▶ Exercise
Look through the data below, and copy each line that carries the word "open".

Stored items
section \<open>The walk\<close>

lemma card_PiE_filter_eq_sum:
  assumes "finite I" and "x \<in> I" and "finite S"
  shows "card {w \<in> I \<rightarrow>\<^sub>E S. P w} = (\<Sum>g\<in>(I - {x}) \<rightarrow>\<^sub>E S. card {y \<in> S. P (g(x := y))})"
proof -
  define \<Omega>' where "\<Omega>' = (I - {x}) \<rightarrow>\<^sub>E S"
  define upd where "upd = (\<lambda>(g :: 'a \<Rightarrow> 'b, y). g(x := y))"
  have "I \<rightarrow>\<^sub>E S = (\<lambda>(y, g). g(x := y)) ` (S \<times> \<Omega>')"
    using PiE_insert_eq[of x "I - {x}" "\<lambda>_. S"] assms(2) by (simp add: \<Omega>'_def insert_absorb)
  then have "{w \<in> I \<rightarrow>\<^sub>E S. P w} = upd ` (SIGMA g:\<Omega>'. {y \<in> S. P (g(x := y))})"
    by (auto simp: upd_def)
  moreover have "inj_on upd (SIGMA g:\<Omega>'. {y \<in> S. P (g(x := y))})"
    using inj_combinator[of x "I - {x}" "\<lambda>_. S"]
    by (auto simp: inj_on_def upd_def \<Omega>'_def)
  ultimately show ?thesis
    using assms(1,3) by (simp add: card_image \<Omega>'_def finite_PiE)
qed

lemma card_PiE_conj_le:
  fixes c :: real
  assumes "finite I" and "x \<in> I" and "finite S"
    and indep: "\<And>w y. w \<in> I \<rightarrow>\<^sub>E S \<Longrightarrow> y \<in> S \<Longrightarrow> A (w(x := y)) = A w"
    and bound: "\<And>w. w \<in> I \<rightarrow>\<^sub>E S \<Longrightarrow> A w \<Longrightarrow> real (card {y \<in> S. B (w(x := y))}) \<le> c * real (card S)"
  shows "real (card {w \<in> I \<rightarrow>\<^sub>E S. A w \<and> B w}) \<le> c * real (card {w \<in> I \<rightarrow>\<^sub>E S. A w})"
proof -
  have fiber: "real (card {y \<in> S. A (g(x := y)) \<and> B (g(x := y))}) \<le> c * real (card {y \<in> S. A (g(x := y))})"
    if g: "g \<in> (I - {x}) \<rightarrow>\<^sub>E S" and "y0 \<in> S" for g y0
  proof -
    have w: "g(x := y0) \<in> I \<rightarrow>\<^sub>E S"
      using PiE_fun_upd[OF \<open>y0 \<in> S\<close> g, of x] assms(2) by (simp add: insert_absorb)
    have "A (g(x := y)) = A (g(x := y0))" if "y \<in> S" for y
      using indep[OF w that] by simp
    then have "{y \<in> S. A (g(x := y)) \<and> B (g(x := y))} = (if A (g(x := y0)) then {y \<in> S. B (g(x := y))} else {})"
      and "{y \<in> S. A (g(x := y))} = (if A (g(x := y0)) then S else {})"
      by auto
    then show ?thesis
      using bound[OF w] by simp
  qed
  show ?thesis
  proof (cases "S = {}")
    case True
    with assms(2) show ?thesis by simp
  next
    case False
    then obtain y0 where "y0 \<in> S" by blast
    then show ?thesis
      unfolding card_PiE_filter_eq_sum[OF assms(1-3)] of_nat_sum sum_distrib_left
      by (intro sum_mono fiber)
  qed
qed

type_synonym ('f, 'm) walk_step = "'f \<times> 'f \<times> 'f \<times> 'f \<times> ('m \<Rightarrow> 'f)"

definition step_space :: "'f::{finite,field} set \<Rightarrow> ('f, 'm::finite) walk_step set" where
  "step_space H = UNIV \<times> UNIV \<times> UNIV \<times> UNIV \<times> Hvecs H"

lemma walk_space_eq_PiE: "walk_space H R = {..<R} \<rightarrow>\<^sub>E step_space H"
  by (simp add: walk_space_def step_space_def)

lemma walk_prob_eq_card:
  fixes P :: "(nat \<Rightarrow> ('f::{finite,field}, 'm::finite) walk_step) \<Rightarrow> bool"
  assumes "H \<noteq> {}"
  shows "walk_prob H R P = real (card {w \<in> walk_space H R. P w})
                             / real (card (walk_space H R :: (nat \<Rightarrow> ('f, 'm) walk_step) set))"
proof -
  obtain c where "c \<in> H" using assms by blast
  then have "(\<lambda>_. c) \<in> Hvecs H" by (simp add: Hvecs_def)
  then have "walk_space H R \<noteq> ({} :: (nat \<Rightarrow> ('f, 'm) walk_step) set)"
    and "finite (walk_space H R :: (nat \<Rightarrow> ('f, 'm) walk_step) set)"
    by (auto simp: walk_space_eq_PiE step_space_def PiE_eq_empty_iff finite_PiE)
  then show ?thesis
    unfolding walk_prob_def by (simp add: measure_pmf_of_set Int_def)
qed

lemma walk_prob_split:
  "walk_prob H R P = walk_prob H R (\<lambda>w. P w \<and> Q w) + walk_prob H R (\<lambda>w. P w \<and> \<not> Q w)"
proof -
  have "{w. P w} = {w. P w \<and> Q w} \<union> {w. P w \<and> \<not> Q w}" by auto
  then show ?thesis
    unfolding walk_prob_def by (simp add: measure_pmf.finite_measure_Union[symmetric] disjoint_iff)
qed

▶ Output for this exercise
section \<open>The walk\<close>
      using PiE_fun_upd[OF \<open>y0 \<in> S\<close> g, of x] assms(2) by (simp add: insert_absorb)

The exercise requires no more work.